Below code is used to check covariance between two variables mpg and cyl of mtcars using all three methods - Pearson , Kendal and Spearman. Out of all , Pearson is most famous method.
cov(mtcars$mpg,mtcars$cyl,use = "everything",method = "pearson")
## [1] -9.172379
cov(mtcars$mpg,mtcars$cyl,use = "everything",method = "spearman")
## [1] -74.54032
cov(mtcars$mpg,mtcars$cyl,use = "everything",method = "kendall")
## [1] -638
Use profiling_num function to profile the numerical variable within mtcars data set. Below code will help in finding the skewness and kurtosis of mpg variable. Actually these two values tells us a lot about the ‘shape’ of the distribution of mpg variable.
dispersion <- profiling_num(mtcars$mpg)
kurtosis <-dispersion$kurtosis
kurtosis
## [1] 2.799467
skewness<-dispersion$skewness
skewness
## [1] 0.6404399
The Kurtosis value of 2.799467 is very high than 0. This means that our distribution graph of ‘mpg’ variable will have heavier tails and lighter middle region.The skewness value of 0.6 signifies that the distribution of ‘mpg’ is right skewed means, more distribution of data towards right tail of he graph.
These two descriptive analysis could be visually proven by actually plotting the graph of ‘mpg’ vs. its count.
ggplot(mtcars,mapping = aes(x=mtcars$mpg)) + geom_density()

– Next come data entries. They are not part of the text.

lemma psi_Suc_diag: "psi b (Suc n) (Suc n) = (\<Prod>m=1..n. b m / (b m - b (Suc n)))"
proof -
  have "{1..Suc n} - {Suc n} = {1..n}" by auto
  then show ?thesis unfolding psi_def by simp
qed

lemma psi_1_1: "psi b (Suc 0) (Suc 0) = 1"
  unfolding psi_def by simp

lemma inj_on_atLeastAtMost_Suc_neq:
  assumes "inj_on b {1..Suc n}" "k \<in> {1..n}"
  shows "b k \<noteq> b (Suc n)"
  using assms by (auto dest: inj_onD)

text \<open>Partial fractions: the Laplace transform of \<open>Kj b n\<close> at \<open>s\<close> is the product of
  the Laplace transforms \<open>b m / (b m + s)\<close> of the exponential densities.\<close>

lemma sum_b_psi_divide_eq_prod:
  assumes "1 \<le> n" "inj_on b {1..n}" "\<And>k. k \<in> {1..n} \<Longrightarrow> b k + s \<noteq> 0"
  shows "(\<Sum>k=1..n. b k * psi b k n / (b k + s)) = (\<Prod>m=1..n. b m / (b m + s))"
  using assms
proof (induction n arbitrary: s rule: nat_induct_at_least)
  case base
  then show ?case by (simp add: psi_1_1)
next
  case (Suc n)
  define b' where "b' = b (Suc n)"
  have inj: "inj_on b {1..n}" using Suc.prems(1) by (rule inj_on_subset) auto
  have ne: "b k \<noteq> b'" if "k \<in> {1..n}" for k
    using inj_on_atLeastAtMost_Suc_neq[OF Suc.prems(1) that] by (simp add: b'_def)
  have s': "b' + s \<noteq> 0" using Suc.prems(2)[of "Suc n"] by (simp add: b'_def)
  have IH_s: "(\<Sum>k=1..n. b k * psi b k n / (b k + s)) = (\<Prod>m=1..n. b m / (b m + s))"
    using Suc.IH[OF inj] Suc.prems(2) by simp
  have IH_b': "(\<Sum>k=1..n. b k * psi b k n / (b k - b')) = (\<Prod>m=1..n. b m / (b m - b'))"
    using Suc.IH[OF inj, of "- b'"] ne by simp
  have summand: "b k * psi b k (Suc n) / (b k + s)
      = b' / (b' + s) * (b k * psi b k n / (b k + s) - b k * psi b k n / (b k - b'))"
    if k: "k \<in> {1..n}" for k
  proof -
    have "b k + s \<noteq> 0" "b' - b k \<noteq> 0" "b k - b' \<noteq> 0"
      using Suc.prems(2) k ne[OF k] by auto
    then show ?thesis
      unfolding psi_Suc[OF k] b'_def[symmetric] using s'
      by (simp add: divide_simps) (simp add: algebra_simps)
  qed
  have "(\<Sum>k=1..n. b k * psi b k (Suc n) / (b k + s))
      = b' / (b' + s) * ((\<Sum>k=1..n. b k * psi b k n / (b k + s))
          - (\<Sum>k=1..n. b k * psi b k n / (b k - b')))"
    unfolding sum_subtractf[symmetric] sum_distrib_left by (rule sum.cong) (simp_all add: summand)
  then have "(\<Sum>k=1..Suc n. b k * psi b k (Suc n) / (b k + s))
      = b' / (b' + s) * ((\<Sum>k=1..n. b k * psi b k n / (b k + s))
          - (\<Sum>k=1..n. b k * psi b k n / (b k - b')))
        + b' * psi b (Suc n) (Suc n) / (b' + s)"
    by (simp add: b'_def)
  also have "\<dots> = b' / (b' + s) * (\<Prod>m=1..n. b m / (b m + s))"
    unfolding IH_s IH_b' psi_Suc_diag b'_def[symmetric] using s'
    by (simp add: divide_simps right_diff_distrib)
  finally show ?case by (simp add: b'_def mult.commute)
qed

lemma sum_b_psi_eq_0:
  assumes "1 \<le> n" "inj_on b {1..Suc n}"
  shows "(\<Sum>k=1..Suc n. b k * psi b k (Suc n)) = 0"
proof -
  define b' where "b' = b (Suc n)"
  have ne: "b k \<noteq> b'" if "k \<in> {1..n}" for k
    using inj_on_atLeastAtMost_Suc_neq[OF assms(2) that] by (simp add: b'_def)
  have inj: "inj_on b {1..n}" using assms(2) by (rule inj_on_subset) auto
  have "b k * psi b k (Suc n) = - b' * (b k * psi b k n / (b k - b'))" if k: "k \<in> {1..n}" for k
  proof -
    have "b' - b k \<noteq> 0" "b k - b' \<noteq> 0" using ne[OF k] by auto
    then show ?thesis unfolding psi_Suc[OF k] b'_def[symmetric] by (simp add: field_simps)
  qed
  then have "(\<Sum>k=1..n. b k * psi b k (Suc n)) = - b' * (\<Sum>k=1..n. b k * psi b k n / (b k - b'))"
    by (simp add: sum_distrib_left)
  also have "\<dots> = - b' * psi b (Suc n) (Suc n)"
    using sum_b_psi_divide_eq_prod[OF assms(1) inj, of "- b'"] ne
    by (simp add: psi_Suc_diag b'_def)
  finally show ?thesis by (simp add: b'_def)
qed

lemma sum_b_psi_chain_step:
  assumes "1 \<le> n" "inj_on b {1..Suc n}"
  shows "(\<Sum>k=1..Suc n. b k * psi b k (Suc n) * (x - b k * y k))
    = b (Suc n) * ((\<Sum>k=1..n. b k * psi b k n * y k) - (\<Sum>k=1..Suc n. b k * psi b k (Suc n) * y k))"
proof -
  define b' where "b' = b (Suc n)"
  have split: "b k * b k * psi b k (Suc n) * y k
      = b' * (b k * psi b k (Suc n) * y k) - b' * (b k * psi b k n * y k)"
    if k: "k \<in> {1..n}" for k
  proof -
    have "b' - b k \<noteq> 0"
      using inj_on_atLeastAtMost_Suc_neq[OF assms(2) k] by (simp add: b'_def)
    then show ?thesis unfolding psi_Suc[OF k] b'_def[symmetric] by (simp add: field_simps)
  qed
  have "(\<Sum>k=1..n. b k * b k * psi b k (Suc n) * y k)
      = b' * (\<Sum>k=1..n. b k * psi b k (Suc n) * y k) - b' * (\<Sum>k=1..n. b k * psi b k n * y k)"
    unfolding sum_distrib_left sum_subtractf[symmetric] by (rule sum.cong) (simp_all add: split)
  then have sum_split: "(\<Sum>k=1..Suc n. b k * b k * psi b k (Suc n) * y k)
      = b' * (\<Sum>k=1..Suc n. b k * psi b k (Suc n) * y k) - b' * (\<Sum>k=1..n. b k * psi b k n * y k)"
    by (simp add: b'_def algebra_simps)
  have "(\<Sum>k=1..Suc n. b k * psi b k (Suc n) * (x - b k * y k))
      = (\<Sum>k=1..Suc n. b k * psi b k (Suc n)) * x - (\<Sum>k=1..Suc n. b k * b k * psi b k (Suc n) * y k)"
    by (simp add: sum_distrib_left sum_distrib_right sum_subtractf algebra_simps)
  also have "\<dots> = - (\<Sum>k=1..Suc n. b k * b k * psi b k (Suc n) * y k)"
    using sum_b_psi_eq_0[OF assms] by simp
  finally show ?thesis unfolding sum_split by (simp add: b'_def algebra_simps)
qed

definition exp_convolution :: "real \<Rightarrow> (real \<Rightarrow> real) \<Rightarrow> real \<Rightarrow> real" where
  "exp_convolution \<beta> u t = exp (- \<beta> * t) * integral {0..t} (\<lambda>s. exp (\<beta> * s) * u s)"

lemma exp_convolution_0 [simp]: "exp_convolution \<beta> u 0 = 0"
  by (simp add: exp_convolution_def)

lemma continuous_on_exp_convolution:
  assumes "continuous_on {0..T} u"
  shows "continuous_on {0..T} (exp_convolution \<beta> u)"
  unfolding exp_convolution_def
  by (intro continuous_intros indefinite_integral_continuous_1 integrable_continuous_interval assms)

lemma exp_convolution_has_derivative:
  assumes "continuous_on {0..} u" "0 < t"
  shows "(exp_convolution \<beta> u has_real_derivative u t - \<beta> * exp_convolution \<beta> u t) (at t)"
proof -
  have "continuous_on {0..t+1} (\<lambda>s. exp (\<beta> * s) * u s)"
    by (intro continuous_intros continuous_on_subset[OF assms(1)]) auto
  from integral_has_real_derivative[OF this, of t]
  have "((\<lambda>x. integral {0..x} (\<lambda>s. exp (\<beta> * s) * u s)) has_real_derivative
      exp (\<beta> * t) * u t) (at t)"
    using assms(2) at_within_Icc_at[of 0 t "t+1"] by simp
  then show ?thesis
    unfolding exp_convolution_def
    by (auto intro!: derivative_eq_intros simp: algebra_simps mult_exp_exp)
qed

text \<open>For \<open>j \<ge> 1\<close>, stage \<open>j\<close> is the convolution of \<open>u\<close> with \<open>Kj b j\<close>
  (lemma \<open>integral_Kj_convolution\<close>).\<close>

definition chain_stage :: "(nat \<Rightarrow> real) \<Rightarrow> (real \<Rightarrow> real) \<Rightarrow> nat \<Rightarrow> real \<Rightarrow> real" where
  "chain_stage b u j t =
    (if j = 0 then u t else \<Sum>k=1..j. b k * psi b k j * exp_convolution (b k) u t)"

lemma chain_stage_0 [simp]: "chain_stage b u 0 = u"
  by (simp add: chain_stage_def fun_eq_iff)

lemma chain_stage_at_0: "1 \<le> j \<Longrightarrow> chain_stage b u j 0 = 0"
  by (simp add: chain_stage_def)

lemma continuous_on_chain_stage:
  assumes "continuous_on {0..T} u"
  shows "continuous_on {0..T} (chain_stage b u j)"
  unfolding chain_stage_def
  by (cases "j = 0")
    (simp_all add: assms continuous_on_exp_convolution continuous_on_sum continuous_on_mult_left)

lemma chain_stage_has_derivative:
  assumes "continuous_on {0..} u" "0 < t" "1 \<le> j" "inj_on b {1..j}"
  shows "(chain_stage b u j has_real_derivative
    b j * (chain_stage b u (j - 1) t - chain_stage b u j t)) (at t)"
proof -
  have "((\<lambda>t. \<Sum>k=1..j. b k * psi b k j * exp_convolution (b k) u t) has_real_derivative
      (\<Sum>k=1..j. b k * psi b k j * (u t - b k * exp_convolution (b k) u t))) (at t)"
    by (intro DERIV_sum DERIV_cmult exp_convolution_has_derivative assms(1,2))
  moreover have "(\<Sum>k=1..j. b k * psi b k j * (u t - b k * exp_convolution (b k) u t))
      = b j * (chain_stage b u (j - 1) t - chain_stage b u j t)"
  proof (cases "j = 1")
    case True
    then show ?thesis by (simp add: chain_stage_def psi_1_1 algebra_simps)
  next
    case False
    then obtain n where "j = Suc n" "1 \<le> n" using assms(3) by (cases j) auto
    then show ?thesis
      using sum_b_psi_chain_step[of n b] assms(4) by (simp add: chain_stage_def)
  qed
  moreover have "chain_stage b u j = (\<lambda>t. \<Sum>k=1..j. b k * psi b k j * exp_convolution (b k) u t)"
    using assms(3) by (simp add: chain_stage_def fun_eq_iff)
  ultimately show ?thesis by simp
qed

lemma integral_Kj_convolution:
  assumes "continuous_on {0..t} u" "1 \<le> j"
  shows "integral {0..t} (\<lambda>s. Kj b j (t - s) * u s) = chain_stage b u j t"
proof -
  have "exp (- b k * (t - s)) = exp (- b k * t) * exp (b k * s)" for k s
    by (simp add: algebra_simps flip: exp_add)
  then have pointwise: "Kj b j (t - s) * u s
      = (\<Sum>k=1..j. (b k * psi b k j * exp (- b k * t)) * (exp (b k * s) * u s))" for s
    by (simp add: Kj_def sum_distrib_left sum_distrib_right mult_ac)
  have "(\<lambda>s. c * (exp (b k * s) * u s)) integrable_on {0..t}" for c k
    by (intro integrable_continuous_interval continuous_intros assms(1))
  then have "integral {0..t} (\<lambda>s. Kj b j (t - s) * u s)
      = (\<Sum>k=1..j. integral {0..t}
          (\<lambda>s. (b k * psi b k j * exp (- b k * t)) * (exp (b k * s) * u s)))"
    unfolding pointwise by (intro integral_sum) auto
  also have "\<dots> = chain_stage b u j t"
    using assms(2) by (simp add: chain_stage_def exp_convolution_def mult.assoc)
  finally show ?thesis .
qed

lemma integral_Kker_convolution:
  assumes "continuous_on {0..t} u"
  shows "integral {0..t} (\<lambda>s. Kker N a b (t - s) * u s) = (\<Sum>j=1..N. a j * chain_stage b u j t)"
proof -
  have "(\<lambda>s. c * (Kj b j (t - s) * u s)) integrable_on {0..t}" for c j
    unfolding Kj_def by (intro integrable_continuous_interval continuous_intros assms)
  then show ?thesis
    by (simp add: Kker_def sum_distrib_right mult.assoc integral_sum
        integral_Kj_convolution[OF assms])
qed

lemma sum_atLeast1_telescope:
  fixes f :: "nat \<Rightarrow> 'a::ab_group_add"
  shows "(\<Sum>i=1..n. f (i - 1) - f i) = f 0 - f n"
  by (induction n) simp_all

lemma chain_flux_identity:
  fixes x :: "nat \<Rightarrow> real"
  shows "(x 0 - c) * (x j - x 0) + (\<Sum>i=1..j. (x i - c) * (x (i - 1) - x i))
    = - ((\<Sum>i=1..j. (x (i - 1) - x i)^2) + (x j - x 0)^2) / 2"
  by (induction j) (simp_all add: power2_eq_square algebra_simps)

lemma sq_diff_le_sum_sq_increments:
  fixes x :: "nat \<Rightarrow> real"
  shows "(x i - x 0)^2 \<le> real i * (\<Sum>m=1..i. (x (m - 1) - x m)^2)"
proof -
  have "(x i - x 0)^2 = (\<Sum>m=1..i. x (m - 1) - x m)^2"
    unfolding sum_atLeast1_telescope by (simp add: power2_commute)
  also have "\<dots> \<le> (\<Sum>m=1..i. (x (m - 1) - x m)^2) * real (card {1..i})"
    by (rule sum_squared_le_sum_of_squares)
  finally show ?thesis by (simp add: mult.commute)
qed

lemma weighted_energy_le_spread:
  fixes x a b :: "nat \<Rightarrow> real"
  assumes "\<And>j. j \<in> {1..N} \<Longrightarrow> 0 \<le> a j" "\<And>i. i \<in> {1..N} \<Longrightarrow> 0 < b i"
    and balance: "(x 0 - c) + (\<Sum>j=1..N. a j * (\<Sum>i=1..j. (x i - c) / b i)) = 0"
  shows "(x 0 - c)^2 + (\<Sum>j=1..N. a j * (\<Sum>i=1..j. (x i - c)^2 / b i))
    \<le> (\<Sum>j=1..N. a j * (\<Sum>i=1..j. (x i - x 0)^2 / b i))"
proof -
  define e where "e = x 0 - c"
  define T where "T = (\<Sum>j=1..N. a j * (\<Sum>i=1..j. 1 / b i))"
  have "T \<ge> 0"
    unfolding T_def using assms(1,2) by (force intro!: sum_nonneg mult_nonneg_nonneg)
  have "(x i - x 0)^2 = (x i - c)^2 - 2 * e * (x i - c) + e^2" for i
    by (simp add: e_def power2_eq_square algebra_simps)
  then have "(x i - x 0)^2 / b i
      = (x i - c)^2 / b i - 2 * e * ((x i - c) / b i) + e^2 * (1 / b i)" for i
    by (simp add: diff_divide_distrib add_divide_distrib right_diff_distrib)
  then have "(\<Sum>i=1..j. (x i - x 0)^2 / b i) = (\<Sum>i=1..j. (x i - c)^2 / b i)
      - 2 * e * (\<Sum>i=1..j. (x i - c) / b i) + e^2 * (\<Sum>i=1..j. 1 / b i)" for j
    by (simp only: sum.distrib sum_subtractf sum_distrib_left)
  then have "(\<Sum>j=1..N. a j * (\<Sum>i=1..j. (x i - x 0)^2 / b i))
      = (\<Sum>j=1..N. a j * (\<Sum>i=1..j. (x i - c)^2 / b i))
        - 2 * e * (\<Sum>j=1..N. a j * (\<Sum>i=1..j. (x i - c) / b i)) + e^2 * T"
    by (simp add: T_def sum.distrib sum_subtractf sum_distrib_left right_diff_distrib distrib_left
        mult_ac)
  also have "\<dots> = (x 0 - c)^2 + (\<Sum>j=1..N. a j * (\<Sum>i=1..j. (x i - c)^2 / b i)) + e^2 * (1 + T)"
  proof -
    have M: "(\<Sum>j=1..N. a j * (\<Sum>i=1..j. (x i - c) / b i)) = - e"
      using balance by (simp add: e_def)
    show ?thesis unfolding M by (simp add: e_def power2_eq_square algebra_simps)
  qed
  finally show ?thesis using \<open>T \<ge> 0\<close> by simp
qed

ggplot(mtcars,mapping = aes(x=mtcars$mpg)) + geom_histogram(aes(y = ..density..),
colour="black", fill="brown")
Let us plot a graph between mpg and cyl variables of mtcars and check the relation.
ggplot(mtcars,mapping = aes(x=mtcars$mpg,y=mtcars$cyl))
You may be amazed to find out an empty plot above . This is because , the graph in ggplot builds in layer format. We added the layer instructing R to create a plot. But did not actually plot the data points. Hence we add another layer on the graph which actually holds the data points. We can do this via either of the below three or amny other ways-
ggplot(mtcars,mapping = aes(x=mtcars$mpg,y=mtcars$cyl)) + geom_point()
ggplot(mtcars,mapping = aes(x=mtcars$mpg,y=mtcars$cyl)) + geom_jitter()
ggplot(mtcars,mapping = aes(x=mtcars$mpg,y=mtcars$cyl)) + geom_line()
So far you must have realised via visuals and via numbers that the two variables mpg and cyl are negatively corelated to each other. This means the increase in one does not lead to increase in other.
Now, randomly select another set variables to study the same set of details as above. For example, I am picking up {mpg,hp}.
result <- cor.test(mtcars$mpg,mtcars$hp,method = "pearson")
result
##
## Pearson's product-moment correlation
##
## data: mtcars$mpg and mtcars$hp
## t = -6.7424, df = 30, p-value = 1.788e-07
## alternative hypothesis: true correlation is not equal to 0
## 95 percent confidence interval:
## -0.8852686 -0.5860994
## sample estimates:
## cor
## -0.7761684
Plotting the graph between mpg and hp.
ggplot(mtcars,mapping = aes(x=mtcars$mpg,y=mtcars$hp)) + geom_line()
Another attempt between {mpg,wt}
cor.test(mtcars$wt,mtcars$mpg)
##
## Pearson's product-moment correlation
##
## data: mtcars$wt and mtcars$mpg
## t = -9.559, df = 30, p-value = 1.294e-10
## alternative hypothesis: true correlation is not equal to 0
## 95 percent confidence interval:
## -0.9338264 -0.7440872
## sample estimates:
## cor
## -0.8676594
ggplot(mtcars,mapping = aes(x=mtcars$mpg,y=mtcars$wt)) + geom_line()
We can do as many permutation and combinations to find a good subset of highly corelated variables in the provided data set. Believe me,it takes perseverance to achieve it. But once you do enough practise it can be really easy for you to establish it. In the beginning , I suggest to use your intution to select some good set of variables to study. As and when you go deep into numbers you can refine your sets.